## Activity
Output only the lines of the entries that follow, starting at the one with "Summing over the" and running down to the one with "by (metis complex_norm_square", both included and unchanged.

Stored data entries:
* * *
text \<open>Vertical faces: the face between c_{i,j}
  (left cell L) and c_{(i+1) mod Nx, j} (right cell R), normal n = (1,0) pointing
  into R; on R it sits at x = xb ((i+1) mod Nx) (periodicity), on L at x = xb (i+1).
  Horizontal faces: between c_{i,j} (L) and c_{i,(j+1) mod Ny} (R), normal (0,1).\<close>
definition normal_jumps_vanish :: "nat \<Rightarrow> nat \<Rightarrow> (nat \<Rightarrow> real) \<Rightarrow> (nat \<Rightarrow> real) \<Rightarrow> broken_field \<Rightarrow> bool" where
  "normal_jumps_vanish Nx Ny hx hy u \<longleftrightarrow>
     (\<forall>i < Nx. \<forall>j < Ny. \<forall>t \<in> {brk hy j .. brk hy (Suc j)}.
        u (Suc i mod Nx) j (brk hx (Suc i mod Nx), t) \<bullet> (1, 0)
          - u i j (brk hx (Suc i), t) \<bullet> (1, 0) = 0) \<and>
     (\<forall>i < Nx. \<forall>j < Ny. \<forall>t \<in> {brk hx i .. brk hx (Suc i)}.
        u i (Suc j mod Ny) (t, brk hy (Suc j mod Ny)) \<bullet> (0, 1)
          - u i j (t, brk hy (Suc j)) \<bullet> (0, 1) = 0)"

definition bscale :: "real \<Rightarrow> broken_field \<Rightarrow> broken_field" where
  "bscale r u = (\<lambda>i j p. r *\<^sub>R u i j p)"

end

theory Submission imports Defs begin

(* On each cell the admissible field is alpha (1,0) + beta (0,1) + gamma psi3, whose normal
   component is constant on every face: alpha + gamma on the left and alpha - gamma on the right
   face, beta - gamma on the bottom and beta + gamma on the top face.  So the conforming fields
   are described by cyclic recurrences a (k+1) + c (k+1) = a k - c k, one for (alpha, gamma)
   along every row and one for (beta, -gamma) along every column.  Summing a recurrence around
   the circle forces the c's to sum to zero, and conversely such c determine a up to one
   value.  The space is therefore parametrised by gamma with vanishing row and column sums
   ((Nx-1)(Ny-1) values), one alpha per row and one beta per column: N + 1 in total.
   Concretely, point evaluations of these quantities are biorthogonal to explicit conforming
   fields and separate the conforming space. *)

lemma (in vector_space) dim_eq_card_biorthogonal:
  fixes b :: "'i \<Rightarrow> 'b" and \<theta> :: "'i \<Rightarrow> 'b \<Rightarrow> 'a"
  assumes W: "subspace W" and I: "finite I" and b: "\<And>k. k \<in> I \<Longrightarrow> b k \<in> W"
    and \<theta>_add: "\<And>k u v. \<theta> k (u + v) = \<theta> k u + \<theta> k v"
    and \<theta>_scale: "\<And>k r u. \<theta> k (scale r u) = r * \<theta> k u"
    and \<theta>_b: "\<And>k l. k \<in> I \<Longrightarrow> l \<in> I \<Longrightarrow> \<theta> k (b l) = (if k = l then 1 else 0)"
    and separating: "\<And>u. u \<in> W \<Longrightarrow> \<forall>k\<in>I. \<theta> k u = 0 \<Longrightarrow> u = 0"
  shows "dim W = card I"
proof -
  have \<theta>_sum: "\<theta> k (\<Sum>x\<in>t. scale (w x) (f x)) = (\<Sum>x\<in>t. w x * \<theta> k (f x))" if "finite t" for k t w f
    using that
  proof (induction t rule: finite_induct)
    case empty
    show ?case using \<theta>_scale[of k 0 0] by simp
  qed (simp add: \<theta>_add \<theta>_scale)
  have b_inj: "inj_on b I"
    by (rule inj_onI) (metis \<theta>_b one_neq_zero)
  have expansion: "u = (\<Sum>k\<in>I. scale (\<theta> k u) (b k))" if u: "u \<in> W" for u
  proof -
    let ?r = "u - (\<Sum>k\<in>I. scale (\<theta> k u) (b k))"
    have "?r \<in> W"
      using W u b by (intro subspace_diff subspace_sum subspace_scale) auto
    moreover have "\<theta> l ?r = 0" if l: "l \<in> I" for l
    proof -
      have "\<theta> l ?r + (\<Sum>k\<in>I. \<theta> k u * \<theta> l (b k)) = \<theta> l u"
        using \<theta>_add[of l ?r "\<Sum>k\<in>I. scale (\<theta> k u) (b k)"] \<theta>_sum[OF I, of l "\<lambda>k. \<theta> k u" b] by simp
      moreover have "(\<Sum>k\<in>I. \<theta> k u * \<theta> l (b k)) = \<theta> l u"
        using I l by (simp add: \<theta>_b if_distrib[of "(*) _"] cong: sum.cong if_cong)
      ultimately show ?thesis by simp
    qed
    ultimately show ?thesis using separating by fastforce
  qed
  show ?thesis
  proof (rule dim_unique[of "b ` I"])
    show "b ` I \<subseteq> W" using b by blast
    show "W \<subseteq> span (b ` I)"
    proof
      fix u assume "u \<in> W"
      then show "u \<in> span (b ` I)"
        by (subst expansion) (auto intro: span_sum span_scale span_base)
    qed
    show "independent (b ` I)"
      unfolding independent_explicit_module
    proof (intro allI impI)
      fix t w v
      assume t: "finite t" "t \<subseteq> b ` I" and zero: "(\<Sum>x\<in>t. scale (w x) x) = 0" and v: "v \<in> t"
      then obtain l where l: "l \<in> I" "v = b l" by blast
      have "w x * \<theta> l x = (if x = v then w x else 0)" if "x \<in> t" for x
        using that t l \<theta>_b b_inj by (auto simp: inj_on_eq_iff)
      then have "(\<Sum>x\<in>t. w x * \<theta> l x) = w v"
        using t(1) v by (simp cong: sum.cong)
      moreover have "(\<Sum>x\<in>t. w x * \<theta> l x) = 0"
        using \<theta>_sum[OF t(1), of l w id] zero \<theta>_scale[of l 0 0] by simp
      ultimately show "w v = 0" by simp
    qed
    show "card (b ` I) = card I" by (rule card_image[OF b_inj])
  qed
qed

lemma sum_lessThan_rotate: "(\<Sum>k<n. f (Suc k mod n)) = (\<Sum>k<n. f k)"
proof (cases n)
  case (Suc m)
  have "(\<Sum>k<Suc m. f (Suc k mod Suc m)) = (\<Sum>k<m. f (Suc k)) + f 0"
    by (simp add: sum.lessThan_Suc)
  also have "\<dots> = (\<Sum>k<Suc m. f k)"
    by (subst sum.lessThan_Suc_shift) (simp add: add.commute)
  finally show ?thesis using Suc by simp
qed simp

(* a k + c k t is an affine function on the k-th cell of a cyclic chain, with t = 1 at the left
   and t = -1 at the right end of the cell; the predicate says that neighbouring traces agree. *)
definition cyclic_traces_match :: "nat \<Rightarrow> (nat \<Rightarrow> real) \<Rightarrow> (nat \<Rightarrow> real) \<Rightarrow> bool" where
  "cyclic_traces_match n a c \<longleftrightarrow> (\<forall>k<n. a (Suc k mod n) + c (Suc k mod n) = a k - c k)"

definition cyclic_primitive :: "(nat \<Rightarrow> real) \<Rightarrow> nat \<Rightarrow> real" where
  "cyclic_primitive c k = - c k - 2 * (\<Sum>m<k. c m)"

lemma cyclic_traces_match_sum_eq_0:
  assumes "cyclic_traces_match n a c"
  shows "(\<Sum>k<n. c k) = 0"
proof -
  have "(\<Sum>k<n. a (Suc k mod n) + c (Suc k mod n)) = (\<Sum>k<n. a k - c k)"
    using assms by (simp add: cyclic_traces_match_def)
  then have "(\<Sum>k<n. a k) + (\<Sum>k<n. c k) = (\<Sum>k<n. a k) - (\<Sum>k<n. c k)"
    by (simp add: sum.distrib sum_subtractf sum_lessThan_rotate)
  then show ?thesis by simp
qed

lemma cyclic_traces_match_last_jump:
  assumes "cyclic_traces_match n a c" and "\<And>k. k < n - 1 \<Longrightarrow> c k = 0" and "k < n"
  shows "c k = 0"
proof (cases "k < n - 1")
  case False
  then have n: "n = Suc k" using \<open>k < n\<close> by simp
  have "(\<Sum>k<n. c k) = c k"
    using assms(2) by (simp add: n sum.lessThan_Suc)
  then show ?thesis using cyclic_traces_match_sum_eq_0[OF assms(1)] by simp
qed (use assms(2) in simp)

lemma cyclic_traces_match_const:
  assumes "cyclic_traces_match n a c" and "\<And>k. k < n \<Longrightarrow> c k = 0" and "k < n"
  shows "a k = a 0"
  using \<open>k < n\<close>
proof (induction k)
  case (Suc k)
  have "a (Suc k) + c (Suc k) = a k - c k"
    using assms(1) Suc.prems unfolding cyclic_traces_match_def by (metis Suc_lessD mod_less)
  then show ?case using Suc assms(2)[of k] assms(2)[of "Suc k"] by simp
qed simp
* * *
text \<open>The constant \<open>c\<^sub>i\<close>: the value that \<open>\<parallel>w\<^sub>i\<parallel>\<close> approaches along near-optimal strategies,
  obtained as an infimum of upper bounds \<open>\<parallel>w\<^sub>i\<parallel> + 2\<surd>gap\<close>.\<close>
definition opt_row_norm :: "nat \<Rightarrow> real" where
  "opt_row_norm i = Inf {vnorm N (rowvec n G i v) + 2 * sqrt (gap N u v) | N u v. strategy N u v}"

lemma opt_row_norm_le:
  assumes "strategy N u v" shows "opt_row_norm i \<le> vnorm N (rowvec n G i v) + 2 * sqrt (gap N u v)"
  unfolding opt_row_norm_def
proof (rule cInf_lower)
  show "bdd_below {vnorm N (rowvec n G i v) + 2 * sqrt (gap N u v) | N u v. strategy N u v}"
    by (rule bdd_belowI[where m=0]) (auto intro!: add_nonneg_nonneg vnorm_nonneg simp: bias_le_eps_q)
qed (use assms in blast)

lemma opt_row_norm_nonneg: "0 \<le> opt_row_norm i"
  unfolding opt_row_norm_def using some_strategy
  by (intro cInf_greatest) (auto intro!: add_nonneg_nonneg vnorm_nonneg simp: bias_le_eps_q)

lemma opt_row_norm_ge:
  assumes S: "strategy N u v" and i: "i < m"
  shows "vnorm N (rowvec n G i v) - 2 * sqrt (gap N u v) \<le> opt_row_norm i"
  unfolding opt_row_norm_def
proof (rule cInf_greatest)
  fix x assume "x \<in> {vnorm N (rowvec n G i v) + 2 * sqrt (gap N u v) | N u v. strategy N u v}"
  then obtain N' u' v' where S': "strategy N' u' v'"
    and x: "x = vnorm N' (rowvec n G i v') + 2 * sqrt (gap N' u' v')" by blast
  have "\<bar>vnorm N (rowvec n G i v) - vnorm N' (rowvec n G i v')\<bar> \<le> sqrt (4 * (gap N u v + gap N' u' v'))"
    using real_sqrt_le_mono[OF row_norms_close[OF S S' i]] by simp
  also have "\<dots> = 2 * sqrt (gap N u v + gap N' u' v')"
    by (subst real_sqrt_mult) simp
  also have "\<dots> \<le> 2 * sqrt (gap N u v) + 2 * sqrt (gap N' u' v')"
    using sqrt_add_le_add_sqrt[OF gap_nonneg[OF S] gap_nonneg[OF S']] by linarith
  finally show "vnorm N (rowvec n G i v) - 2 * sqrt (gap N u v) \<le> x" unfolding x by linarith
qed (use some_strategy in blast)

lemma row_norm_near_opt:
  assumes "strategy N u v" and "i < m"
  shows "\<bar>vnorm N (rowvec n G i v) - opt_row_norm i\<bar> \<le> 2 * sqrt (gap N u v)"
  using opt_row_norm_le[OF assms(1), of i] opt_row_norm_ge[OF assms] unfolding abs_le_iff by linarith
* * *
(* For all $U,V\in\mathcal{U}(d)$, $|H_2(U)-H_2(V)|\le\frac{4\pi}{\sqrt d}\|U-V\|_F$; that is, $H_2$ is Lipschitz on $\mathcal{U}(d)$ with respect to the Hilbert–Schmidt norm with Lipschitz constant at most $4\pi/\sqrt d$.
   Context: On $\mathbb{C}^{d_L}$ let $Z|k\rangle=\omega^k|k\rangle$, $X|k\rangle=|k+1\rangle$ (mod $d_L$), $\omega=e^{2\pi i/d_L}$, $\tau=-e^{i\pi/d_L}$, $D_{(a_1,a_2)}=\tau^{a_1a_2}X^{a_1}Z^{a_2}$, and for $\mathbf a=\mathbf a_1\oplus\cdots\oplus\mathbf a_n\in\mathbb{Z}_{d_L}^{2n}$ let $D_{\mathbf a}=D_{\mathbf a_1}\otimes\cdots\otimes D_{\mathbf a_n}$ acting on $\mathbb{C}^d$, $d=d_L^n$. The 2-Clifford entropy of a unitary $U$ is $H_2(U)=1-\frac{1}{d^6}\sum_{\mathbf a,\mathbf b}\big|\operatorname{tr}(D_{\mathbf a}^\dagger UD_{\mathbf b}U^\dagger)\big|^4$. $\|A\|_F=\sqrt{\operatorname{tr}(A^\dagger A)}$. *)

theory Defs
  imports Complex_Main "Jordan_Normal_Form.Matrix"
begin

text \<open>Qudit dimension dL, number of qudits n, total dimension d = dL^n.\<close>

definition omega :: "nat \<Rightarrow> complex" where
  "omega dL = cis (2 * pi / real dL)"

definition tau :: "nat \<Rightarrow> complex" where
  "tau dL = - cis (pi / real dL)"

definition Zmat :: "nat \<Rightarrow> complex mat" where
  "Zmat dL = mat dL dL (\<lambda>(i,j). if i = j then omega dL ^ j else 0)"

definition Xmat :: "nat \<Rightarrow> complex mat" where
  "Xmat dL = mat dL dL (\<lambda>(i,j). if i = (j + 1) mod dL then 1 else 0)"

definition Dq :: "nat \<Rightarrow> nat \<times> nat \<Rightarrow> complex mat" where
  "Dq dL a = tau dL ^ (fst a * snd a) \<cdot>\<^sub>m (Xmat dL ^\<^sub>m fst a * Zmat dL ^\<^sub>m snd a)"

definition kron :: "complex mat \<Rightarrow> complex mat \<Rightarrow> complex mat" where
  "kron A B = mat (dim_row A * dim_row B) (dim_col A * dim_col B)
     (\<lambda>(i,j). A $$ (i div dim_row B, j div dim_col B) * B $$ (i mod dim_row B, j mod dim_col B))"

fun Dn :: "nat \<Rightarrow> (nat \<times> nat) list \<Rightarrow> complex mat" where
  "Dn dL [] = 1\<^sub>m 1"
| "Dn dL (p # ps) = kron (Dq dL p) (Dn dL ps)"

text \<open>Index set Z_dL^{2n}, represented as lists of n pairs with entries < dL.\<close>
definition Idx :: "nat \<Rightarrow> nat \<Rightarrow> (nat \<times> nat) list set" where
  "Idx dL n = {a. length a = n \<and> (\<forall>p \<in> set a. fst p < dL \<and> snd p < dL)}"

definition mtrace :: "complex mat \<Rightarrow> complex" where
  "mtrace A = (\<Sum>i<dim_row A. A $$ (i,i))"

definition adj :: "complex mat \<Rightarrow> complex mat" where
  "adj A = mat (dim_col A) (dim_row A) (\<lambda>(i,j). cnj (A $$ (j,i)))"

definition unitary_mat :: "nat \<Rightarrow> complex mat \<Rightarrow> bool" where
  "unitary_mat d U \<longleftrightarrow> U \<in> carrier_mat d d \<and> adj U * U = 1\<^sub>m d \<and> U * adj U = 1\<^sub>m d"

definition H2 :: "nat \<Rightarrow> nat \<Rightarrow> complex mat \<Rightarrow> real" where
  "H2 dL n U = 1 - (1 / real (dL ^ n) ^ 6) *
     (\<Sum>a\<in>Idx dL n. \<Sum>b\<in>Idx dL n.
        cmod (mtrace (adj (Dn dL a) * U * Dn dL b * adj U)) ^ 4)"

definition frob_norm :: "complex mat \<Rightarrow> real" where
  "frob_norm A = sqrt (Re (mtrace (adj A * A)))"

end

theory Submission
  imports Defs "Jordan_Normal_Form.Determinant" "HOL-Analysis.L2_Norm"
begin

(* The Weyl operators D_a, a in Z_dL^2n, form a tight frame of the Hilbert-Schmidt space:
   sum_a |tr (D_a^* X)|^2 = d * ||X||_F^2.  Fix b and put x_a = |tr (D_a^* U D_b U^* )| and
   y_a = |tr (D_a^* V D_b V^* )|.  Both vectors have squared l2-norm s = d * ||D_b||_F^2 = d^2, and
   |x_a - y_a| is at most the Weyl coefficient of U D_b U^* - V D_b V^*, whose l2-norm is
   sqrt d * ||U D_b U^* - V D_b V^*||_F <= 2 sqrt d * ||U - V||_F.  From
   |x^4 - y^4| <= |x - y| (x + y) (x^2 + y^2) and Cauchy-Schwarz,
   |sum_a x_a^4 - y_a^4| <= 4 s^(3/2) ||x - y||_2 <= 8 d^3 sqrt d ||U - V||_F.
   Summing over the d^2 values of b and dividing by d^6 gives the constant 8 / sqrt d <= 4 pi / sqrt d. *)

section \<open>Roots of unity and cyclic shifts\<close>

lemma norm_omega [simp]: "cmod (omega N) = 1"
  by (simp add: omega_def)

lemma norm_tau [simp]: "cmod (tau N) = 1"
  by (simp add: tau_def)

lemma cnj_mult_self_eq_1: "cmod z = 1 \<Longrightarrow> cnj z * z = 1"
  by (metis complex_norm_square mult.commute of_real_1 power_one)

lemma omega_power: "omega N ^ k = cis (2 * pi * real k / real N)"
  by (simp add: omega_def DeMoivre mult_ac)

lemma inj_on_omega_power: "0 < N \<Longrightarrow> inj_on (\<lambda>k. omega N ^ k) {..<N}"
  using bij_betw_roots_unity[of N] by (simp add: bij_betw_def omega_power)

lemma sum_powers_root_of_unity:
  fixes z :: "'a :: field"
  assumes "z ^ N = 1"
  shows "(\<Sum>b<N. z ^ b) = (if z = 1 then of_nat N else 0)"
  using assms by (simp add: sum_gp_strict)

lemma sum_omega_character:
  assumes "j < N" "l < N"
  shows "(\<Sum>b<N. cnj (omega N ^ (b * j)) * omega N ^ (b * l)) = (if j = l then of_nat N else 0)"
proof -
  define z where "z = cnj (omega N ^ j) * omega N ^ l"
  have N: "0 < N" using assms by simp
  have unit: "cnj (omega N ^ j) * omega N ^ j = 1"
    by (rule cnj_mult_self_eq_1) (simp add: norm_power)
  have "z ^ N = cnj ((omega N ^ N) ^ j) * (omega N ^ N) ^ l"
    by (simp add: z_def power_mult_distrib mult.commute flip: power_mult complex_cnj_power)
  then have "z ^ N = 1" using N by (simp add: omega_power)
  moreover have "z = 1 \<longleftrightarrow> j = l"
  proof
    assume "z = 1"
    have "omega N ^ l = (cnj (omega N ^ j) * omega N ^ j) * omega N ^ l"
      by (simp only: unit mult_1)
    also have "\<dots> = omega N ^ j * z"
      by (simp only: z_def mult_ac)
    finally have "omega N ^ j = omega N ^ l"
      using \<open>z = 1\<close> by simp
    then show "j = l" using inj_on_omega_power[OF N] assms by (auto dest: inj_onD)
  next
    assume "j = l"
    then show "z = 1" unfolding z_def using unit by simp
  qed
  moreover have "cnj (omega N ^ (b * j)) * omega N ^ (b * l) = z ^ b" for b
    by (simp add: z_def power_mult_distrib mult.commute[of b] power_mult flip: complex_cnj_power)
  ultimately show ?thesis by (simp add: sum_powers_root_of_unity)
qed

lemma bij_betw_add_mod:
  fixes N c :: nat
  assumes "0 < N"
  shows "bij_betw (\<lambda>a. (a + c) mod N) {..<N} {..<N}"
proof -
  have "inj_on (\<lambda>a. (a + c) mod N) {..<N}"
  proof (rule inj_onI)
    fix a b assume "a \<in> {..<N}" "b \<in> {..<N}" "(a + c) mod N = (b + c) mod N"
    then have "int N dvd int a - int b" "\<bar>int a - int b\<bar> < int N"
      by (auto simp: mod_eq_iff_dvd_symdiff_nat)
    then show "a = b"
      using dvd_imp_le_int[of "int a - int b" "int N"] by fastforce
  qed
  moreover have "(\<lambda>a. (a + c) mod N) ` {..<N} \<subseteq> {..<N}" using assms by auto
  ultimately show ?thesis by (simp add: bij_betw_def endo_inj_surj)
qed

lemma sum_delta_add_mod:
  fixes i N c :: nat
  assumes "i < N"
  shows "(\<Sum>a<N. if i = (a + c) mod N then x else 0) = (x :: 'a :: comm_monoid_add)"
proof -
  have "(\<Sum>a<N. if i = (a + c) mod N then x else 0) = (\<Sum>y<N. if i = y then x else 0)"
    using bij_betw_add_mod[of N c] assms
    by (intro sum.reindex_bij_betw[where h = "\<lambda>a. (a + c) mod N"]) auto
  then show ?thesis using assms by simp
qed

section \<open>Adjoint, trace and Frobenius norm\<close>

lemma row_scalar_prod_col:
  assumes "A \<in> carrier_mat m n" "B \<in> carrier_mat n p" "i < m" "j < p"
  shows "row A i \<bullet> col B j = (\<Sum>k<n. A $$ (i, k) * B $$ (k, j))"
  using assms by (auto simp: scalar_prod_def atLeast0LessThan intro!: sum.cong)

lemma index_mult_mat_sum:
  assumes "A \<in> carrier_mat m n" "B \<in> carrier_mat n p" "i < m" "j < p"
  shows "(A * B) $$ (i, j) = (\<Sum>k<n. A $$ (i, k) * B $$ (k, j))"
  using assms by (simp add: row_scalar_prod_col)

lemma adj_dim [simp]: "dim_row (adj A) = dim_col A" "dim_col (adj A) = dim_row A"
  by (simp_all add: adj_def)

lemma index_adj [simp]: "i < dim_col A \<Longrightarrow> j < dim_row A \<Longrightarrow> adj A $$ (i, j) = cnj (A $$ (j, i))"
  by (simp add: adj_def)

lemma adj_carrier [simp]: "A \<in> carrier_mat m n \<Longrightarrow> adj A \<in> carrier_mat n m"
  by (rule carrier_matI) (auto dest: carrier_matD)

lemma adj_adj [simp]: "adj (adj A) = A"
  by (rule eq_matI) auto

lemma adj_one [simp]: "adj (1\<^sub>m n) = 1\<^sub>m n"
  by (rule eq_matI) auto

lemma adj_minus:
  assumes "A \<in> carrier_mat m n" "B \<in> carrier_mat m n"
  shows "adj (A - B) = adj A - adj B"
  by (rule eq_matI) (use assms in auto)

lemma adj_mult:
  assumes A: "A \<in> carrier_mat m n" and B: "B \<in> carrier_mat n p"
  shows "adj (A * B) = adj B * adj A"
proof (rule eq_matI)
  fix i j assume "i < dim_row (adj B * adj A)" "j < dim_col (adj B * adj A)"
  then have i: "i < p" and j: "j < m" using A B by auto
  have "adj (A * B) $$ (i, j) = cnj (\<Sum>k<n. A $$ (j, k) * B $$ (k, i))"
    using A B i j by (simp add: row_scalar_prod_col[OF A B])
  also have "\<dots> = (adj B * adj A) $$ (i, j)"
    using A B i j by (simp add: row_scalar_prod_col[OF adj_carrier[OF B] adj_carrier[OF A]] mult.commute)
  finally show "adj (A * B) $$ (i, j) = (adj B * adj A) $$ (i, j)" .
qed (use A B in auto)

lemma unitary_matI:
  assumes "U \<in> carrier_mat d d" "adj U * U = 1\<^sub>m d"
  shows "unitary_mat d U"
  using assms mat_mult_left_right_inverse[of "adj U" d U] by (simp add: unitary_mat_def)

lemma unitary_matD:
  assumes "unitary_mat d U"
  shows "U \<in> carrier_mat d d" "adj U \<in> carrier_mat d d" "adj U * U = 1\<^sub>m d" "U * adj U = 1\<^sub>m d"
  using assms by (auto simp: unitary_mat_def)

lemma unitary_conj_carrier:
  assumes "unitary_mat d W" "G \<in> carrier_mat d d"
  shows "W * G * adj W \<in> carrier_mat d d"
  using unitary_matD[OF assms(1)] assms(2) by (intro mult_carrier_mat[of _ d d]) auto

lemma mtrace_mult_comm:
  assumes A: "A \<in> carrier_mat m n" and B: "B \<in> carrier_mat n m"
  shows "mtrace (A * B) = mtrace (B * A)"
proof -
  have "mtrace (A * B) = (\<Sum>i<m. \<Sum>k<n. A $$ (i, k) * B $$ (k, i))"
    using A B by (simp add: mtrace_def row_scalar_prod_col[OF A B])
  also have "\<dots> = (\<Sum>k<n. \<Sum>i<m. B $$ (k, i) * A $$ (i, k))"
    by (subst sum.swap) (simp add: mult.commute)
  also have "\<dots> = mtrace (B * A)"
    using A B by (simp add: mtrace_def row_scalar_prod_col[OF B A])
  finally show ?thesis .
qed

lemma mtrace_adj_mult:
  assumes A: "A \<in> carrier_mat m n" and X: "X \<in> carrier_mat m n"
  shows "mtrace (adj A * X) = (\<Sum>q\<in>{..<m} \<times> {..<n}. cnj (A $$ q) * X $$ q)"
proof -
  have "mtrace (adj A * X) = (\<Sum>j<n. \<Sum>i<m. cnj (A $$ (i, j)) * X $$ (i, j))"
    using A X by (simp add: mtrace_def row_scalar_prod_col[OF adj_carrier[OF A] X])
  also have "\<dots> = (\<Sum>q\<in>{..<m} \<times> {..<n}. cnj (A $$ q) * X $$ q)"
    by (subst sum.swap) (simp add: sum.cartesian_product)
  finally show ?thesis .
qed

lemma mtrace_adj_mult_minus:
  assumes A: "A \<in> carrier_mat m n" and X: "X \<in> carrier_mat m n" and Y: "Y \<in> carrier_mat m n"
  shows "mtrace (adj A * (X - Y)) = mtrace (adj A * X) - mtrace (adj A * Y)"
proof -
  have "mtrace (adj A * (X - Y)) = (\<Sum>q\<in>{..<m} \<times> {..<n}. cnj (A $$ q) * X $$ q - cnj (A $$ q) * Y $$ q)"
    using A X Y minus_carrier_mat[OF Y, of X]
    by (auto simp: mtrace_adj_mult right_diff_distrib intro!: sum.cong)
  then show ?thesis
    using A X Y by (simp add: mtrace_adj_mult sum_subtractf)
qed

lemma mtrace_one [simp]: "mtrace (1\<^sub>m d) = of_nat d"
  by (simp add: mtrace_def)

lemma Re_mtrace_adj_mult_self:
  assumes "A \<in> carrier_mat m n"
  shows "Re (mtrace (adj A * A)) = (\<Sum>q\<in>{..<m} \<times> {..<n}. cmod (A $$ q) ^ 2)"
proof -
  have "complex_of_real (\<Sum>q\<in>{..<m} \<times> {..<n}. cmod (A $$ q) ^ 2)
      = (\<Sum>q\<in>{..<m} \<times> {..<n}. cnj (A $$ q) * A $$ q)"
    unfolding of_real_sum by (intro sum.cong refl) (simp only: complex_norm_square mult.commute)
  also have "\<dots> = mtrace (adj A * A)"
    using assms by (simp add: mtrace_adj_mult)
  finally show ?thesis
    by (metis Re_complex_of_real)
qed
* * *
## Task output
   Summing over the d^2 values of b and dividing by d^6 gives the constant 8 / sqrt d <= 4 pi / sqrt d. *)

section \<open>Roots of unity and cyclic shifts\<close>

lemma norm_omega [simp]: "cmod (omega N) = 1"
  by (simp add: omega_def)

lemma norm_tau [simp]: "cmod (tau N) = 1"
  by (simp add: tau_def)

lemma cnj_mult_self_eq_1: "cmod z = 1 \<Longrightarrow> cnj z * z = 1"
  by (metis complex_norm_square mult.commute of_real_1 power_one)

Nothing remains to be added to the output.